Criptoativos e diretrizes internacional
O fato é que o aumento repentino de ativos cripto pode representar um desafio para os bancos centrais, além de competir com as moedas fiduciárias oficiais e afetar a política monetária em muitos níveis. Nesse estágio, as autoridades monetárias de todo o mundo querem acompanhar de perto o avanço dos criptoativos. Porém, esse acompanhamento enfrentou dificuldades por dois motivos.
O primeiro é que ainda não existiam criptoativos quando a revisão mais recente dos manuais de estatísticas macroeconômicas ocorreu - publicada, por exemplo, pela Organização para Cooperação e Desenvolvimento Econômico, pela Divisão de Estatística das Nações Unidas, pela Divisão de Estatística e Pesquisa Econômica da Organização Mundial do Comércio etc.
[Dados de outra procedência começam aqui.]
lemma frame_op_sum: "frame_op N f (\<Sum>i\<in>I. a i) = (\<Sum>i\<in>I. frame_op N f (a i))"
  by (induction I rule: infinite_finite_induct) (simp_all add: frame_op_add)

lemma linear_frame_op: "linear (frame_op N f)"
  by (rule linearI) (simp_all add: frame_op_add frame_op_smult flip: smult_of_real)

lemma frame_op_diff: "frame_op N f (x - y) = frame_op N f x - frame_op N f y"
  by (rule linear_diff[OF linear_frame_op])

lemma hinner_frame_op_left: "hinner (frame_op N f x) y = (\<Sum>i<N. hinner x (f i) * hinner (f i) y)"
  by (simp add: frame_op_def hinner_sum_left hinner_smult_left)

lemma frame_op_self_adjoint: "hinner (frame_op N f x) y = hinner x (frame_op N f y)"
proof -
  have "hinner x (frame_op N f y) = cnj (hinner (frame_op N f y) x)"
    by (rule hinner_commute)
  also have "\<dots> = (\<Sum>i<N. hinner x (f i) * hinner (f i) y)"
    by (simp add: hinner_frame_op_left hinner_commute[of x] hinner_commute[of "f _" y] mult.commute)
  finally show ?thesis
    by (simp add: hinner_frame_op_left)
qed

lemma frame_in_hspace: "is_frame K N f \<Longrightarrow> i < N \<Longrightarrow> f i \<in> hspace K"
  by (simp add: is_frame_def)

lemma frame_op_in_hspace:
  assumes "scalar_field K" and "is_frame K N f" and "x \<in> hspace K"
  shows "frame_op N f x \<in> hspace K"
  using assms unfolding frame_op_def is_frame_def
  by (auto intro!: hspace_sum hspace_smult hinner_in_scalar_field)

lemma eq_0_if_frame_op_eq_0:
  assumes K: "scalar_field K" and fr: "is_frame K N f" and x: "x \<in> hspace K"
    and Sx: "frame_op N f x = 0"
  shows "x = 0"
proof -
  have "(\<Sum>i<N. (norm (hinner x (f i)))\<^sup>2) = Re (hinner (frame_op N f x) x)"
    by (simp add: hinner_frame_op_left Re_sum hinner_commute[of "f _" x]
        flip: complex_norm_square)
  also have "\<dots> = 0"
    using Sx by simp
  finally have orth: "\<forall>i<N. hinner x (f i) = 0"
    by (subst (asm) sum_nonneg_eq_0_iff) auto
  from fr x obtain c where c: "x = (\<Sum>i<N. c i *s f i)"
    unfolding is_frame_def kspan_def by blast
  have "hinner x x = (\<Sum>i<N. cnj (c i) * hinner x (f i))"
    by (subst (2) c) (simp add: hinner_sum_right hinner_smult_right)
  then show ?thesis
    using orth by simp
qed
Não há diretrizes internacionais disponíveis, exceto por uma referência no Manual e Guia de Compilação de Estatísticas Monetárias e Financeiras, emitida pelo Fundo Monetário Internacional (FMI).
A segunda razão é porque a classificação dos criptoativos e sua regulamentação varia muito de país para país, em alguns casos ainda não foi definida ou está ainda sendo desenvolvida em vários países.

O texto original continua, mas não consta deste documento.